The Poetry Project

Remembering Lewis Warsh

Bethany Ides

As if kinship were an adverb to poet/ry, Lewis Warsh of the circulatory social reasoning-being that refuses to let scarcity be a cause.

If everybody knows to write “generous” next to your name, it's because of your devotion to doings-- not measurably, not mine or yours or this person's or that person's-- non-proprietarily, but devoted as if innately, as “genera” that increases exponentially. Exponent to uncontrollable generativity.

Why didn’t I ever notice until now that everything Lewis ever offered me (his friendship, & wealth of stories, a job in the Writing Center at LIU, a real copy of the book I adored but only had a battered, xeroxed version of) were all things that required deeper commitment, closer care & tending to?
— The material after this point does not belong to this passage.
(* For every closed $\mathcal L$-term $t$, neither the code of the sentence $\mathrm Pt$ nor the code of the sentence $\neg\mathrm Pt$ belongs to $P_\infty^+$, where $(T_\infty,P_\infty)$ is the least fixed point of $\Gamma_{\mathscr{TP}}$ (the stage at which the sequence $(T_\alpha,P_\alpha)$ stabilizes).
   Context: Language. Let $\mathcal L_{\mathbb N}$ be the language of first-order Peano arithmetic and $\mathcal L=\mathcal L_{\mathbb N}\cup\{\mathrm T,\mathrm P\}$ with unary predicates $\mathrm T,\mathrm P$. $\mathcal L$-formulas are in Tait style: literals are $s=t$, $s\neq t$, $\mathrm Tt$, $\neg\mathrm Tt$, $\mathrm Pt$, $\neg\mathrm Pt$; formulas are built from literals by $\wedge,\vee,\forall,\exists$; negation of an arbitrary formula is defined by De Morgan dualities with $\neg\neg\varphi:=\varphi$. A standard Gödel numbering is fixed; $\#e$ is the code of $e$, $\ulcorner e\urcorner$ the numeral of $\#e$, $\mathrm{val}(t)$ the value of a closed term $t$, $\dot\neg$ the primitive recursive function with $\dot\neg(\#\varphi)=\#\neg\varphi$; $\mathrm T\varphi,\mathrm P\varphi$ abbreviate $\mathrm T\ulcorner\varphi\urcorner,\mathrm P\ulcorner\varphi\urcorner$. Semantics. A partial model is $(\mathbb N,T,P)$ with $\mathbb N$ the standard model and $T=(T^+,T^-)$, $P=(P^+,P^-)$ pairs of subsets of $\omega$. Strong Kleene satisfaction $\models_{SK}$: arithmetic literals evaluated in $\mathbb N$; $\mathrm Tt$ satisfied iff $\mathrm{val}(t)\in T^+$, $\neg\mathrm Tt$ iff $\mathrm{val}(t)\in T^-$, likewise for $\mathrm P$ with $P^\pm$; conjunction iff both, disjunction iff at least one, $\forall x\varphi(x)$ iff all numeral instances, $\exists x\varphi(x)$ iff some numeral instance. Base paradoxicality. $\mathrm{PA}[\mathrm{SK}]$ is the two-sided sequent calculus for Strong Kleene logic with identity in $\mathcal L$ (initial sequents $\varphi\Rightarrow\varphi$, cut, weakening, the rule from $\Gamma\Rightarrow\Delta,\varphi$ infer $\neg\varphi,\Gamma\Rightarrow\Delta$, usual rules for $\wedge,\vee,\forall,\exists$, reflexivity $\Rightarrow t=t$, replacement from $\Gamma\Rightarrow\Delta,\varphi(t)$ infer $\Gamma\Rightarrow\Delta,s\neq t,\varphi(s)$) plus the initial sequents of Peano arithmetic and the induction rule for all $\mathcal L$-formulas. A sentence $\varphi$ is base paradoxical iff $\mathrm{PA}[\mathrm{SK}]$ derives $\varphi\Leftrightarrow\neg\mathrm T\varphi$ and $\neg\varphi\Leftrightarrow\mathrm T\varphi$ ($\Leftrightarrow$ meaning both sequents). $B(x)$ is an $\mathcal L_{\mathbb N}$-formula defining in $\mathbb N$ the set of codes of base paradoxical sentences, and $\Pi(x):=B(x)\vee B(\dot\neg x)$. Jump and sequence. Let $\mathscr P(x)$ be the $\mathcal L$-formula which is the disjunction of: (1) $x$ codes a sentence and $\Pi(x)$; (2) $x$ codes a sentence $\mathrm Tt$ ($t$ a closed term) and $\mathrm P(\mathrm{val}(t))$; (3) $x$ codes a sentence $\neg\mathrm Tt$ and $\mathrm P(\mathrm{val}(t))$; (4) $x$ codes a sentence $\psi\wedge\theta$ and $(\mathrm P\psi\wedge\mathrm P\theta)\vee(\mathrm T\psi\wedge\mathrm P\theta)\vee(\mathrm T\theta\wedge\mathrm P\psi)$; (5) $x$ codes a sentence $\psi\vee\theta$ and $(\mathrm P\psi\wedge\mathrm P\theta)\vee(\neg\mathrm T\psi\wedge\mathrm P\theta)\vee(\neg\mathrm T\theta\wedge\mathrm P\psi)$; (6) $x$ codes a sentence $\forall v\psi$ and $\exists y\,\mathrm P\psi(\dot y)\wedge\forall y(\mathrm P\psi(\dot y)\vee\mathrm T\psi(\dot y))$; (7) $x$ codes a sentence $\exists v\psi$ and $\exists y\,\mathrm P\psi(\dot y)\wedge\forall y(\mathrm P\psi(\dot y)\vee\neg\mathrm T\psi(\dot y))$; here $\psi(\dot y)$ is the code of the result of substituting the numeral of $y$ for $v$. Write $\mathscr P(\varphi)$ for $\mathscr P(\ulcorner\varphi\urcorner)$. Define $\Gamma_{\mathscr{TP}}(T,P)=\big((\{\#\varphi:(\mathbb N,T,P)\models_{SK}\varphi\},\{\#\varphi:(\mathbb N,T,P)\models_{SK}\neg\varphi\}),(\{\#\varphi:(\mathbb N,T,P)\models_{SK}\mathscr P(\varphi)\},\{\#\varphi:(\mathbb N,T,P)\models_{SK}\varphi\vee\neg\varphi\})\big)$, $\varphi$ ranging over $\mathcal L$-sentences. Define $(T_0,P_0)=((\emptyset,\emptyset),(\emptyset,\emptyset))$, $(T_{\beta+1},P_{\beta+1})=\Gamma_{\mathscr{TP}}(T_\beta,P_\beta)$, $(T_\lambda,P_\lambda)=\bigcup_{\beta<\lambda}(T_\beta,P_\beta)$ (componentwise union) for limit $\lambda$. This sequence reaches a fixed point $(T_\infty,P_\infty)$, $P_\infty=(P_\infty^+,P_\infty^-)$. *)

theory Defs
  imports Main "HOL-Library.Nat_Bijection" "HOL-Library.Product_Order"
begin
Because his sonorous lavish sighingly, his dazzling dance & gleam of hands, of words, of waving over to the table where he’s sitting, saying “bad luck problems” like natural comings & goings, his re-orienting origin stories: "All the money in the world won't make me rat on my friends" … "We're dependable people, the ones who go swimming in the dark but don't touch" … "I can hear the sound of my voice saying something I already said" … "Take the syllable as heartbeat & press your ear to the pavement" … distracted me, confused me, because he never seemed to require proof that I was (or would become) who/what I claimed. Implicit recognition sufficed. He told me adjuncting was good for people like us who value flexibility more than clout, everybody talks about it like it’s so bad but it’s not so bad, you can write, he said.